======== RAW DATA ========
text \<open>\<open>m\<close> is the first index at which \<open>T\<^sub>0h\<close> differs from \<open>X\<close>, and \<open>T\<^sub>0h = X - cX\<^sup>m + \<dots>\<close>.\<close>

lemma deriv_deviation_bound:
  assumes "smooth h" "h 0 = 0" "taylor0 h \<noteq> fps_X"
  obtains m c M where "1 \<le> m" "c \<noteq> (0::real)" "0 \<le> M"
    "\<And>\<xi>. \<xi> \<in> {0..1} \<Longrightarrow> \<bar>(1 - deriv h \<xi>) - m * c * \<xi> ^ (m - 1)\<bar> \<le> M * \<xi> ^ m"
proof -
  define m where "m = (LEAST j. taylor0 h $ j \<noteq> fps_X $ j)"
  define c where "c = fps_X $ m - taylor0 h $ m"
  have "\<exists>j. taylor0 h $ j \<noteq> fps_X $ j"
    using assms(3) fps_ext by blast
  then have "taylor0 h $ m \<noteq> fps_X $ m"
    unfolding m_def by (rule LeastI_ex)
  then have "c \<noteq> 0" and "1 \<le> m"
    using assms(2) by (auto simp: c_def Suc_le_eq intro: gr0I)
  have below: "taylor0 h $ j = fps_X $ j" if "j < m" for j
    using not_less_Least[OF that[unfolded m_def]] by blast
  have low: "(deriv ^^ j) h 0 = (if j = 1 then 1 else 0)" if "j < m" for j
    using below[OF that] by (simp add: taylor0_nth split: if_splits)
  have top: "(deriv ^^ m) h 0 = (if m = 1 then 1 else 0) - c * fact m"
    unfolding c_def by (simp add: taylor0_nth)
  show ?thesis
    using deriv_leading_term_bound[OF assms(1) \<open>1 \<le> m\<close> low top] that[OF \<open>1 \<le> m\<close> \<open>c \<noteq> 0\<close>]
    by blast
qed

lemma expanding_if_deviation_neg:
  fixes c :: real
  assumes sh: "smooth h" and h0: "h 0 = 0" and m: "1 \<le> m" and c: "c < 0" and M: "0 \<le> M"
    and dev: "\<And>\<xi>. \<xi> \<in> {0..1} \<Longrightarrow> \<bar>(1 - deriv h \<xi>) - m * c * \<xi> ^ (m - 1)\<bar> \<le> M * \<xi> ^ m"
  obtains \<epsilon> where "0 < \<epsilon>" "\<And>x. 0 < x \<Longrightarrow> x < \<epsilon> \<Longrightarrow> x < h x"
proof -
  define \<epsilon> where "\<epsilon> = min 1 (- c / (M + 1))"
  have \<epsilon>: "0 < \<epsilon>"
    unfolding \<epsilon>_def using c M by (simp add: divide_neg_pos)
  have deriv_gt_1: "1 < deriv h \<xi>" if "0 < \<xi>" "\<xi> < \<epsilon>" for \<xi>
  proof -
    have "\<xi> * (M + 1) < - c"
      using that M by (simp add: \<epsilon>_def field_simps)
    moreover have "m * c \<le> c"
      using m c by (simp add: mult_le_cancel_right2)
    ultimately have neg: "m * c + M * \<xi> < 0"
      using that by (simp add: algebra_simps)
    have "1 - deriv h \<xi> \<le> m * c * \<xi> ^ (m - 1) + M * \<xi> ^ m"
      using dev[of \<xi>] that by (auto simp: \<epsilon>_def abs_le_iff)
    also have "\<dots> = \<xi> ^ (m - 1) * (m * c + M * \<xi>)"
      using power_minus_mult[of m \<xi>] m by (simp add: algebra_simps)
    also have "\<dots> < 0"
      using neg that by (simp add: mult_pos_neg)
    finally show ?thesis by simp
  qed
  have "x < h x" if x: "0 < x" "x < \<epsilon>" for x
  proof -
    obtain z where z: "0 < z" "z < x" "h x - h 0 = (x - 0) * deriv h z"
      using MVT2[of 0 x h "deriv h"] smooth_DERIV[OF sh] x by auto
    then show ?thesis
      using deriv_gt_1[of z] x h0 by (simp add: mult_less_cancel_left1)
  qed
  with \<epsilon> that show ?thesis by blast
qed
========
[PROBLEM DESCRIPTION]
Only a number is expected here: how many lines above contain the word "epsilon".

[OUTPUT FOR THIS EXERCISE]
9